Problem - Beneath this instruction is a block of data; output from it exactly the lines that run from the one containing "A) \<le> card" through the one containing "by (intro FS.span_neg", inclusive.

Supplied material -

lemma card_le_rig_rank_if_span:
  assumes finA: "finite A" and finB: "finite B" and indA: "rows_indep d p A"
    and span: "rig_row d p ` A \<subseteq> FS.span (rig_row d p ` B)"
  shows "card A \<le> rig_rank d p B"
proof -
  obtain C where C: "{} \<subseteq> C" "C \<subseteq> B" "rows_indep d p C" "rig_row d p ` B \<subseteq> FS.span (rig_row d p ` C)"
    by (rule rows_indep_extend_spanning[OF finB empty_subsetI rows_indep_empty])
  have finC: "finite C" using finite_subset[OF C(2) finB] .
  have "rig_row d p ` A \<subseteq> FS.span (rig_row d p ` C)"
    using span FS.span_mono[OF C(4)] unfolding FS.span_span by blast
  moreover note iA = rows_indep_imp_independent[OF finA indA]
  ultimately have "card (rig_row d p ` A) \<le> card (rig_row d p ` C)"
    using FS.independent_span_bound[of "rig_row d p ` C" "rig_row d p ` A"] finC by blast
  also have "\<dots> \<le> card C" using finC by (rule card_image_le)
  also have "\<dots> \<le> rig_rank d p B" using card_le_rig_rank[OF finB C(2,3)] .
  finally show ?thesis using card_image[OF iA(1)] by simp
qed

lemma rows_indep_extend_basis:
  assumes fin: "finite F" and sub: "A0 \<subseteq> F" and ind0: "rows_indep d p A0"
  obtains A where "A0 \<subseteq> A" "A \<subseteq> F" "rows_indep d p A" "card A = rig_rank d p F"
proof -
  obtain A where A: "A0 \<subseteq> A" "A \<subseteq> F" "rows_indep d p A" "rig_row d p ` F \<subseteq> FS.span (rig_row d p ` A)"
    by (rule rows_indep_extend_spanning[OF assms])
  have finA: "finite A" using finite_subset[OF A(2) fin] .
  obtain F' where F': "F' \<subseteq> F" "rows_indep d p F'" "card F' = rig_rank d p F"
    by (rule rig_rank_witness[OF fin])
  have "rig_row d p ` F' \<subseteq> FS.span (rig_row d p ` A)" using F'(1) A(4) by (meson image_mono order_trans)
  then have "rig_rank d p F \<le> rig_rank d p A"
    using card_le_rig_rank_if_span[OF finite_subset[OF F'(1) fin] finA F'(2)] F'(3) by simp
  also have "\<dots> = card A" using rows_indep_iff_rig_rank[OF finA] A(3) by simp
  finally have "card A = rig_rank d p F" using card_le_rig_rank[OF fin A(2,3)] by simp
  then show ?thesis by (rule that[OF A(1-3)])
qed

lemma rig_row_in_span_if_dependence:
  assumes "finite X" "f \<notin> X" "(\<Sum>e\<in>insert f X. scale_fun (c e) (rig_row d p e)) = 0" "c f \<noteq> 0"
  shows "rig_row d p f \<in> FS.span (rig_row d p ` X)"
proof -
  have "scale_fun (c f) (rig_row d p f) = - (\<Sum>e\<in>X. scale_fun (c e) (rig_row d p e))"
    using assms(1-3) by (simp add: eq_neg_iff_add_eq_0)
  also have "\<dots> \<in> FS.span (rig_row d p ` X)"
    by (intro FS.span_neg FS.span_sum FS.span_scale FS.span_base) auto
  finally have "scale_fun (1 / c f) (scale_fun (c f) (rig_row d p f)) \<in> FS.span (rig_row d p ` X)"
    by (rule FS.span_scale)
  then show ?thesis using assms(4) by (simp add: scale_fun_def)
qed

lemma rows_indep_exchange:
  assumes fin: "finite F" and indF: "rows_indep d p F" and f: "f \<in> F" and g: "g \<notin> F"
    and dep: "(\<Sum>e\<in>insert g F. scale_fun (c e) (rig_row d p e)) = 0" and cf: "c f \<noteq> 0"
  shows "rows_indep d p (insert g (F - {f}))"
proof -
  define X where "X = insert g (F - {f})"
  have finX: "finite X" unfolding X_def using fin by simp
  have fX: "f \<notin> X" "insert g F = insert f X" unfolding X_def using f g by auto
  then have "rig_row d p f \<in> FS.span (rig_row d p ` X)"
    using rig_row_in_span_if_dependence[where c = c, OF finX fX(1) _ cf] dep by simp
  then have "rig_row d p ` F \<subseteq> FS.span (rig_row d p ` X)"
    unfolding X_def by (auto intro: FS.span_base)
  then have "card F \<le> rig_rank d p X" by (rule card_le_rig_rank_if_span[OF fin finX indF])
  moreover have "card X = card F"
    unfolding X_def using fin f g card_Suc_Diff1[OF fin f] by simp
  ultimately show ?thesis
    using rig_rank_le_card[OF finX, of d p] rows_indep_iff_rig_rank[OF finX, of d p] unfolding X_def by simp
qed

text \<open>The column of s is nonzero in the row of g, so the dependence created by g involves an
  edge through s.\<close>
lemma rows_indep_exchange_at_vertex:
  assumes fin: "finite F" and indF: "rows_indep d p F" and dep: "\<not> rows_indep d p (insert g F)"
    and gs: "k < d" "rig_entry p g s k \<noteq> 0"
  obtains f where "f \<in> F" "s \<in> f" "rows_indep d p (insert g (F - {f}))"
proof -
  have gF: "g \<notin> F" using indF dep by (metis insert_absorb)
  obtain c where c0: "\<forall>w k. k < d \<longrightarrow> (\<Sum>e\<in>insert g F. c e * rig_entry p e w k) = 0"
    and cnz: "\<exists>e\<in>insert g F. c e \<noteq> 0"
    using dep unfolding rows_indep_def by blast
  have split: "(\<Sum>e\<in>insert g F. c e * rig_entry p e w k)
      = c g * rig_entry p g w k + (\<Sum>e\<in>F. c e * rig_entry p e w k)" for w k
    using fin gF by simp
  have "c g \<noteq> 0"
  proof
    assume "c g = 0"
    then have "\<forall>e\<in>F. c e = 0" using indF c0 unfolding rows_indep_def split by simp
    then show False using cnz \<open>c g = 0\<close> by blast
  qed
  then have "(\<Sum>e\<in>F. c e * rig_entry p e s k) \<noteq> 0"
    using c0 gs unfolding split by (metis add.right_neutral mult_eq_0_iff)
  then obtain f where f: "f \<in> F" "c f * rig_entry p f s k \<noteq> 0"
    using sum.not_neutral_contains_not_neutral by blast
  have "s \<in> f" using f(2) rig_entry_outside by (metis mult_zero_right)
  moreover have "rows_indep d p (insert g (F - {f}))"
    using rows_indep_exchange[OF fin indF f(1) gF] c0 f(2) unfolding sum_rig_rows_eq_0_iff by simp
  ultimately show ?thesis using that f(1) by blast
qed

section \<open>Generic realisations have maximal rank\<close>

definition gram_mat :: "nat \<Rightarrow> ('a \<Rightarrow> nat \<Rightarrow> real) \<Rightarrow> (nat \<Rightarrow> 'a set) \<Rightarrow> nat \<Rightarrow> 'a set \<Rightarrow> real mat" where
  "gram_mat d p f n W =
     mat n n (\<lambda>(i, j). \<Sum>cl\<in>W \<times> {..<d}. rig_row d p (f i) cl * rig_row d p (f j) cl)"

lemma rig_row_outside: "e \<subseteq> W \<Longrightarrow> cl \<notin> W \<times> {..<d} \<Longrightarrow> rig_row d p e cl = 0"
  unfolding rig_row_def rig_entry_def by (cases cl) auto

lemma gram_mat_carrier: "gram_mat d p f n W \<in> carrier_mat n n"
  unfolding gram_mat_def by simp

definition rig_row_comb :: "nat \<Rightarrow> ('a \<Rightarrow> nat \<Rightarrow> real) \<Rightarrow> (nat \<Rightarrow> 'a set) \<Rightarrow> nat \<Rightarrow> real vec \<Rightarrow> ('a \<times> nat \<Rightarrow> real)" where
  "rig_row_comb d p f n v = (\<lambda>cl. \<Sum>j<n. v $ j * rig_row d p (f j) cl)"

lemma gram_mat_mult_vec_nth:
  assumes "i < n" "dim_vec v = n"
  shows "(gram_mat d p f n W *\<^sub>v v) $ i
    = (\<Sum>cl\<in>W \<times> {..<d}. rig_row d p (f i) cl * rig_row_comb d p f n v cl)"
proof -
  have "(gram_mat d p f n W *\<^sub>v v) $ i
      = (\<Sum>j<n. (\<Sum>cl\<in>W \<times> {..<d}. rig_row d p (f i) cl * rig_row d p (f j) cl) * v $ j)"
    using assms unfolding gram_mat_def by (auto simp: scalar_prod_def atLeast0LessThan intro!: sum.cong)
  also have "\<dots> = (\<Sum>cl\<in>W \<times> {..<d}. rig_row d p (f i) cl * rig_row_comb d p f n v cl)"
    unfolding rig_row_comb_def sum_distrib_right sum_distrib_left by (subst sum.swap) (simp add: mult_ac)
  finally show ?thesis .
qed

lemma rows_indep_iff_rig_row_comb:
  assumes inj: "inj_on f {..<n}"
  shows "rows_indep d p (f ` {..<n}) \<longleftrightarrow> (\<forall>v \<in> carrier_vec n. rig_row_comb d p f n v = 0 \<longrightarrow> v = 0\<^sub>v n)"
proof -
  have comb_sum: "(\<Sum>e\<in>f ` {..<n}. scale_fun (c e) (rig_row d p e)) = rig_row_comb d p f n (vec n (\<lambda>j. c (f j)))"
    for c
    unfolding rig_row_comb_def fun_eq_iff sum_fun_apply sum.reindex[OF inj] scale_fun_def by simp
  show ?thesis
  proof
    assume ind: "rows_indep d p (f ` {..<n})"
    show "\<forall>v \<in> carrier_vec n. rig_row_comb d p f n v = 0 \<longrightarrow> v = 0\<^sub>v n"
    proof (intro ballI impI)
      fix v :: "real vec" assume v: "v \<in> carrier_vec n" "rig_row_comb d p f n v = 0"
      define c where "c e = v $ the_inv_into {..<n} f e" for e
      have "v = vec n (\<lambda>j. c (f j))" using v(1) the_inv_into_f_f[OF inj] unfolding c_def by auto
      then have "\<forall>e\<in>f ` {..<n}. c e = 0"
        using ind v(2) comb_sum[of c] unfolding rows_indep_iff_sum_rig_rows by simp
      then show "v = 0\<^sub>v n" using \<open>v = vec n (\<lambda>j. c (f j))\<close> by auto
    qed
  next
    assume "\<forall>v \<in> carrier_vec n. rig_row_comb d p f n v = 0 \<longrightarrow> v = 0\<^sub>v n"
    then show "rows_indep d p (f ` {..<n})"
      unfolding rows_indep_iff_sum_rig_rows comb_sum by (auto simp: vec_eq_iff)
  qed
qed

Response area -
  ultimately have "card (rig_row d p ` A) \<le> card (rig_row d p ` C)"
    using FS.independent_span_bound[of "rig_row d p ` C" "rig_row d p ` A"] finC by blast
  also have "\<dots> \<le> card C" using finC by (rule card_image_le)
  also have "\<dots> \<le> rig_rank d p B" using card_le_rig_rank[OF finB C(2,3)] .
  finally show ?thesis using card_image[OF iA(1)] by simp
qed

lemma rows_indep_extend_basis:
  assumes fin: "finite F" and sub: "A0 \<subseteq> F" and ind0: "rows_indep d p A0"
  obtains A where "A0 \<subseteq> A" "A \<subseteq> F" "rows_indep d p A" "card A = rig_rank d p F"
proof -
  obtain A where A: "A0 \<subseteq> A" "A \<subseteq> F" "rows_indep d p A" "rig_row d p ` F \<subseteq> FS.span (rig_row d p ` A)"
    by (rule rows_indep_extend_spanning[OF assms])
  have finA: "finite A" using finite_subset[OF A(2) fin] .
  obtain F' where F': "F' \<subseteq> F" "rows_indep d p F'" "card F' = rig_rank d p F"
    by (rule rig_rank_witness[OF fin])
  have "rig_row d p ` F' \<subseteq> FS.span (rig_row d p ` A)" using F'(1) A(4) by (meson image_mono order_trans)
  then have "rig_rank d p F \<le> rig_rank d p A"
    using card_le_rig_rank_if_span[OF finite_subset[OF F'(1) fin] finA F'(2)] F'(3) by simp
  also have "\<dots> = card A" using rows_indep_iff_rig_rank[OF finA] A(3) by simp
  finally have "card A = rig_rank d p F" using card_le_rig_rank[OF fin A(2,3)] by simp
  then show ?thesis by (rule that[OF A(1-3)])
qed

lemma rig_row_in_span_if_dependence:
  assumes "finite X" "f \<notin> X" "(\<Sum>e\<in>insert f X. scale_fun (c e) (rig_row d p e)) = 0" "c f \<noteq> 0"
  shows "rig_row d p f \<in> FS.span (rig_row d p ` X)"
proof -
  have "scale_fun (c f) (rig_row d p f) = - (\<Sum>e\<in>X. scale_fun (c e) (rig_row d p e))"
    using assms(1-3) by (simp add: eq_neg_iff_add_eq_0)
  also have "\<dots> \<in> FS.span (rig_row d p ` X)"
    by (intro FS.span_neg FS.span_sum FS.span_scale FS.span_base) auto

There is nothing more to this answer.